Saturday, October 11, 2014

A stupa to save them all

This morning, Saturday, I switched hotels so I could be strategically closer to the contact I made with an organization that works to reduce poverty and for my purposes, amoung women farmers through training.  I figured if we’re able to meet during the week, I should do the courtesy of being easy to reach.  Being that the Backyard Hotel I was at was in the heart of the Thamel touristy region I was nervous that by moving I would be out in the ‘burbs away from the comforting amenities of flute and hash sellers, narrow streets thick with fumes and horns, and a plethora of restaurants, shops, hotels, and other tourists to swap stories with at breakfast.  

Arriving at PBK I was pleasantly surprised, however. There was something entirely visceral about the positive energy of the area.  When I was checking in, I found myself blubbering cheerily about how nice it felt there to which Koudna at the front desk replied, well that’s because this is a very spiritual place. That may be an understatement.

At the centre of the Bodhnath area is Asia’s largest stupa or shrine and is a place that Lonely Planet says sees thousands of Buddhist pilgrims gather to ritually circumnavigate clockwise “beneath the watchful eyes of the Buddha”.  It’s true. The place is bustling but in a more tame, peaceful way than Thamel.  I watched as pilgrims passed around the entire girth of the stupa rolling these columnar metal tubes (I realize now my knowledge of the structure of the stupa is incredibly lacking), touching the tiny Buddha in between, rolling the next ones, and so on around the whole thing.

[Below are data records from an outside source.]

(* Let $\nu>0$. For every $x>0$, $$\lim_{t\to\infty} t^{\nu}\,E^{(\nu)}_x\Big[\Big(\frac{1}{R_t}\Big)^{2\nu}\Big]=\frac{1}{2^{\nu}\Gamma(\nu+1)}.$$
   Context: For $\mu\in\mathbb{R}$ and $x>0$, $P^{(\mu)}_x$ denotes the law on $\Omega=C([0,\infty);\mathbb{R})$ of the Bessel process with index $\mu$ (dimension $2(\mu+1)$) started at $x$, and $E^{(\mu)}_x$ the corresponding expectation; $R$ is the coordinate process on $\Omega$. $\Gamma$ is the gamma function. *)

theory Defs
  imports "HOL-Probability.Probability"
begin

definition bessel_I :: "real \<Rightarrow> real \<Rightarrow> real" where
  "bessel_I \<nu> z = (\<Sum>k. (z / 2) powr (2 * real k + \<nu>) / (fact k * Gamma (real k + \<nu> + 1)))"

text \<open>Transition density of the Bessel process with index nu (dimension 2(nu+1)),
  started at x > 0, at time t > 0, evaluated at y > 0 (Revuz--Yor, Ch. XI):
  p_t(x,y) = (y/t) (y/x)^nu exp(-(x^2+y^2)/(2t)) I_nu(x y / t).\<close>
definition bessel_density :: "real \<Rightarrow> real \<Rightarrow> real \<Rightarrow> real \<Rightarrow> real" where
  "bessel_density \<nu> t x y =
     (y / t) * (y / x) powr \<nu> * exp (- (x\<^sup>2 + y\<^sup>2) / (2 * t)) * bessel_I \<nu> (x * y / t)"

text \<open>Law of R_t under P^(nu)_x (one-dimensional marginal), a measure on the reals
  concentrated on (0, infinity).\<close>
definition bessel_marginal :: "real \<Rightarrow> real \<Rightarrow> real \<Rightarrow> real measure" where
  "bessel_marginal \<nu> x t =
     density lborel (\<lambda>y. indicator {0<..} y * ennreal (bessel_density \<nu> t x y))"

end

theory Submission
  imports Defs "HOL-Real_Asymp.Real_Asymp"
begin

text \<open>Expanding \<open>I_\<nu>\<close> in its power series, the weight \<open>y^(-2\<nu>)\<close> cancels the \<open>y^\<nu>\<close> factors of
  the transition density, so every term becomes an odd Gaussian moment
  \<open>y^(2k+1) exp (-y\<^sup>2/(2t))\<close>, which integrates in closed form. Monotone convergence then gives
  \<open>E_x[R_t^(-2\<nu>)] = (2t)^(-\<nu>) exp (-x\<^sup>2/(2t)) \<Sum>\<^sub>k (x\<^sup>2/(2t))^k / \<Gamma>(k+\<nu>+1)\<close>.
  As \<open>t \<rightarrow> \<infinity>\<close> the argument \<open>x\<^sup>2/(2t)\<close> tends to \<open>0\<close>, and the series tends to its constant
  term \<open>1/\<Gamma>(\<nu>+1)\<close>.\<close>

lemma Gamma_add_nat_ge_fact:
  fixes a :: real
  assumes "a \<ge> 0"
  shows "fact k * Gamma (a + 1) \<le> Gamma (real k + a + 1)"
proof (induction k)
  case (Suc k)
  have "real k + a + 1 \<notin> \<int>\<^sub>\<le>\<^sub>0"
    using assms by (auto dest: nonpos_Ints_nonpos)
  from Gamma_plus1[OF this]
  have Gamma_Suc: "Gamma (real (Suc k) + a + 1) = (real k + a + 1) * Gamma (real k + a + 1)"
    by (simp add: add_ac)
  have "fact (Suc k) * Gamma (a + 1) = (real k + 1) * (fact k * Gamma (a + 1))"
    by simp
  also have "\<dots> \<le> (real k + a + 1) * Gamma (real k + a + 1)"
    using Suc assms by (intro mult_mono) auto
  finally show ?case
    unfolding Gamma_Suc .
qed simp

definition mittag_leffler :: "real \<Rightarrow> real \<Rightarrow> real" where
  "mittag_leffler \<beta> s = (\<Sum>n. s ^ n / Gamma (real n + \<beta>))"

lemma summable_mittag_leffler:
  assumes "\<beta> \<ge> 1"
  shows "summable (\<lambda>n. s ^ n / Gamma (real n + \<beta>))"
proof (rule summable_comparison_test)
  show "summable (\<lambda>n. \<bar>s\<bar> ^ n / fact n / Gamma \<beta>)"
    using summable_exp[of "\<bar>s\<bar>"] by (intro summable_divide) (simp add: divide_inverse mult.commute)
  have "norm (s ^ n / Gamma (real n + \<beta>)) \<le> \<bar>s\<bar> ^ n / fact n / Gamma \<beta>" for n
  proof -
    have "fact n * Gamma \<beta> \<le> Gamma (real n + \<beta>)"
      using Gamma_add_nat_ge_fact[of "\<beta> - 1" n] assms by (simp add: add_ac)
    moreover have "Gamma \<beta> > 0" using assms by simp
    ultimately show ?thesis
      by (simp add: abs_mult power_abs divide_simps mult_left_mono mult.commute)
  qed
  then show "\<exists>N. \<forall>n\<ge>N. norm (s ^ n / Gamma (real n + \<beta>)) \<le> \<bar>s\<bar> ^ n / fact n / Gamma \<beta>"
    by blast
qed

lemma mittag_leffler_0: "mittag_leffler \<beta> 0 = 1 / Gamma \<beta>"
  unfolding mittag_leffler_def by (subst suminf_finite[of "{0}"]) auto

lemma isCont_mittag_leffler_0:
  assumes "\<beta> \<ge> 1"
  shows "isCont (mittag_leffler \<beta>) 0"
proof -
  have "(mittag_leffler \<beta> \<longlongrightarrow> 1 / Gamma \<beta>) (at 0)"
    using powser_limit_0[of 1 "\<lambda>n. 1 / Gamma (real n + \<beta>)" "mittag_leffler \<beta>"]
      summable_mittag_leffler[OF assms] by (simp add: mittag_leffler_def summable_sums)
  then show ?thesis
    by (simp add: isCont_def mittag_leffler_0)
qed

lemma gaussian_moment_odd_pos_scaled:
  fixes c :: real
  assumes "c > 0"
  shows "has_bochner_integral lborel
    (\<lambda>y. indicator {0..} y * (y ^ (2 * k + 1) * exp (- y\<^sup>2 / c))) (c ^ (k + 1) * fact k / 2)"
    (is "has_bochner_integral lborel ?f ?I")
proof -
  have sc: "sqrt c > 0" "sqrt c ^ 2 = c" using assms by auto
  have rescaled: "(\<lambda>u. ?f (0 + sqrt c * u))
      = (\<lambda>u. (c ^ k * sqrt c) * (indicator {0..} u *\<^sub>R (exp (- u\<^sup>2) * u ^ (2 * k + 1))))"
    using sc by (auto simp: fun_eq_iff indicator_def zero_le_mult_iff power_mult_distrib
        power_add power_mult)
  have rescaled_value: "?I /\<^sub>R \<bar>sqrt c\<bar> = (c ^ k * sqrt c) * (fact k / 2)"
    using sc by (simp add: field_simps power_add)
  have "has_bochner_integral lborel (\<lambda>u. ?f (0 + sqrt c * u)) (?I /\<^sub>R \<bar>sqrt c\<bar>)"
    unfolding rescaled rescaled_value
    by (rule has_bochner_integral_mult_right[OF gaussian_moment_odd_pos])
  then show ?thesis
    using lborel_has_bochner_integral_real_affine_iff[of "sqrt c" ?f ?I 0] sc by simp
qed

lemma summable_bessel_I_coeffs:
  fixes \<nu> s :: real
  assumes "\<nu> \<ge> 0" "s \<ge> 0"
  shows "summable (\<lambda>k. s ^ k / (fact k * Gamma (real k + \<nu> + 1)))"
proof (rule summable_comparison_test)
  show "summable (\<lambda>k. s ^ k / Gamma (real k + (\<nu> + 1)))"
    using assms by (intro summable_mittag_leffler) simp
  have "s ^ k / (fact k * Gamma (real k + \<nu> + 1)) \<le> s ^ k / Gamma (real k + (\<nu> + 1))" for k
    using assms by (intro divide_left_mono) (auto simp: add_ac intro!: mult_pos_pos)
  then show "\<exists>N. \<forall>k\<ge>N. norm (s ^ k / (fact k * Gamma (real k + \<nu> + 1)))
      \<le> s ^ k / Gamma (real k + (\<nu> + 1))"
    using assms by auto
qed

Hummous, thalapi (sp?) a squeeze of lime and a really nice
fruit lassi curd drink.
Another great place to view the goings on is from one of the many rooftop restaurants.  Several flights up and you have the best view in all of Kathmandu. I even saw my first snow topped mountain from a rooftop cafĂ© while enjoying a milk coffee and ginger cookies this morning. There is no end to good food so far (and so long as you check your guidebook and ask about their hygiene practices!).   Later on I stopped for a small lunch of hummous and a fruit lassi—a room temperature fruit smoothie made with ‘only the finest curds”.  I wasn’t sure what to expect but it was totally delicious. 


Anyhow, I really feel like this move was a breath of fresh air. I could walk around the stupa a thousand times and never cease to find it fascinating and even entrancing.  The aging buildings that surround it are so full of character it creates a really warm facade that takes you away from the bustling city found just on the other side.